LDL acts as an opsonin enhancing the phagocytosis of group A Streptococcus by monocyte and whole human blood.

Low-density lipoprotein (LDL) binds to group A Streptococcus (GAS) through Sc11 protein, and scavenger receptor CD36 of monocyte mediates the endocytosis of native or modified LDL. Therefore, we hypothesized that LDL might be an opsonin enhancing the phagocytosis of LDL-bound GAS by monocyte. The results showed that LDL could significantly promote U937 cell to phagocytose M28 (ATCC BAA1064) and M41 (ATCC 12373, AM41)-type GAS, and the phagocytosis rates were significantly increased, compared with LDL-free group. LDL, however, did not enhance the phagocytosis of M41 (CMCC 32198, CM41) or M6 (ATCC BAA946)-type GAS since these two strains did not bind to LDL. CD36 was the major scavenger receptor mediating the uptake of LDL-bound GAS by monocyte U937 cells since anti-CD36 antibody abolished the phagocytosis of LDL-opsonized GAS but anti-CD4 antibody did not. Most of AM41-type GAS cells were killed in human blood, whereas only a few CM41-type cells were phagocytosed. Moreover, recombinant Scl1 (rScl1) derived from M41-type GAS could significantly decrease the opsonophagocytosis of AM41 but not CM41-type GAS because the rScl1 competitively blocked the binding of AM41-type GAS to LDL. Therefore, our findings suggest that LDL may be an opsonin to enhance CD36-dependent opsonic phagocytosis of GAS by monocyte.

Introduction

Streptococcus pyogenes [group A Streptococcus (GAS)] can cause a number of suppurative infections, including pharyngitis, impetigo/pyoderma, erysipelas, cellulitis, necrotizing fasciitis, toxic streptococcal syndrome, and scarlet fever, as well as nonsuppurative sequelae including acute rheumatic fever and acute glomerulonephritis [1]. Based on the surface M protein, GAS is serologically separated into over 200 M protein serotypes [2]. Streptococcal collagen-like protein 1 (Scl1) as one of the virulence factors of GAS is found on the cell surface of many M-type GAS [3]. Although Scl1s expressed by different M-type GAS share similar triple helix structure their amino acid sequence, especially in variable N-terminal region, varies significantly, so that Scl1s in M6 and M55-type GAS specifically bind to factor H [4], whereas Scl1s in M1, M12, M28 and M41 can interact with low-density lipoprotein (LDL) [5]. However, the significance of Scl1–LDL interaction remains unknown.

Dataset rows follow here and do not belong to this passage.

lemma zp_coset_iff:
  assumes p: "0 < p" and q: "q = p ^ e" and r: "r < q"
  shows "y \<in> zp_coset p r q \<longleftrightarrow> y \<in> zp p \<and> y e = int r"
proof
  assume "y \<in> zp_coset p r q"
  then obtain z where z: "z \<in> zp p" and yz: "y = zp_add p (zp_of_nat p r) (zp_mul p (zp_of_nat p q) z)"
    unfolding zp_coset_def by auto
  have "y \<in> zp p" unfolding yz using p z by (simp add: zp_add_in_zp zp_mul_in_zp zp_of_nat_in_zp)
  moreover have "y e = int r mod int q" using q by (simp add: yz zp_add_def zp_mul_def zp_of_nat_def)
  ultimately show "y \<in> zp p \<and> y e = int r" using r by simp
next
  assume "y \<in> zp p \<and> y e = int r"
  then have y: "y \<in> zp p" and ye: "y e = int r" by auto
  have qpos: "int q > 0" using q p by simp
  \<comment> \<open>the digits of y beyond the e-th one, read as an element of Z_p\<close>
  define w where "w = (\<lambda>k. (y (k + e) - int r) div int q)"
  have wq: "y (k + e) = int r + int q * w k" for k
  proof -
    have "y (k + e) mod int q = int r" using zp_mod_eq[OF y, of e "k + e"] ye q by simp
    then have "int q dvd y (k + e) - int r" by (simp add: mod_eq_dvd_iff[symmetric] r)
    then show ?thesis unfolding w_def by simp
  qed
  define z where "z = (\<lambda>k. w k mod int p ^ k)"
  have z: "z \<in> zp p"
    unfolding z_def
  proof (rule zp_residue_in_zp[OF p])
    fix k
    have "y (Suc k + e) mod int p ^ (k + e) = y (k + e) mod int p ^ (k + e)"
      using zp_mod_eq[OF y, of "k + e" "Suc k + e"] zp_mod_eq[OF y, of "k + e" "k + e"] by simp
    then have "int p ^ (k + e) dvd y (Suc k + e) - y (k + e)" by (simp add: mod_eq_dvd_iff)
    then have "int q * int p ^ k dvd int q * (w (Suc k) - w k)"
      using wq[of "Suc k"] wq[of k] by (simp add: q power_add algebra_simps)
    then have "int p ^ k dvd w (Suc k) - w k" using qpos by simp
    then show "w (Suc k) mod int p ^ k = w k mod int p ^ k" by (simp add: mod_eq_dvd_iff)
  qed
  have "y = zp_add p (zp_of_nat p r) (zp_mul p (zp_of_nat p q) z)"
  proof
    fix k
    have "zp_add p (zp_of_nat p r) (zp_mul p (zp_of_nat p q) z) k = (int r + int q * w k) mod int p ^ k"
      by (simp add: zp_add_def zp_mul_def zp_of_nat_def z_def) (metis mod_add_eq mod_mult_eq)
    also have "\<dots> = y k" using wq[of k] zp_mod_eq[OF y, of k "k + e"] by simp
    finally show "y k = zp_add p (zp_of_nat p r) (zp_mul p (zp_of_nat p q) z) k" by simp
  qed
  with z show "y \<in> zp_coset p r q" unfolding zp_coset_def by auto
qed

HDL and LDL especially OxLDL were found to play anti-infectious role in protecting bacteria, viruses, or parasites infections in some studies, regardless of some contradicting findings in other studies [6]. Scavenger receptor CD36 mediates the uptake of modified and native LDL and HDL by monocyte [7, 8]; however, OxLDL upregulates CD36, whereas HDL downregulates CD36 via PPAR-mediated pathways [7].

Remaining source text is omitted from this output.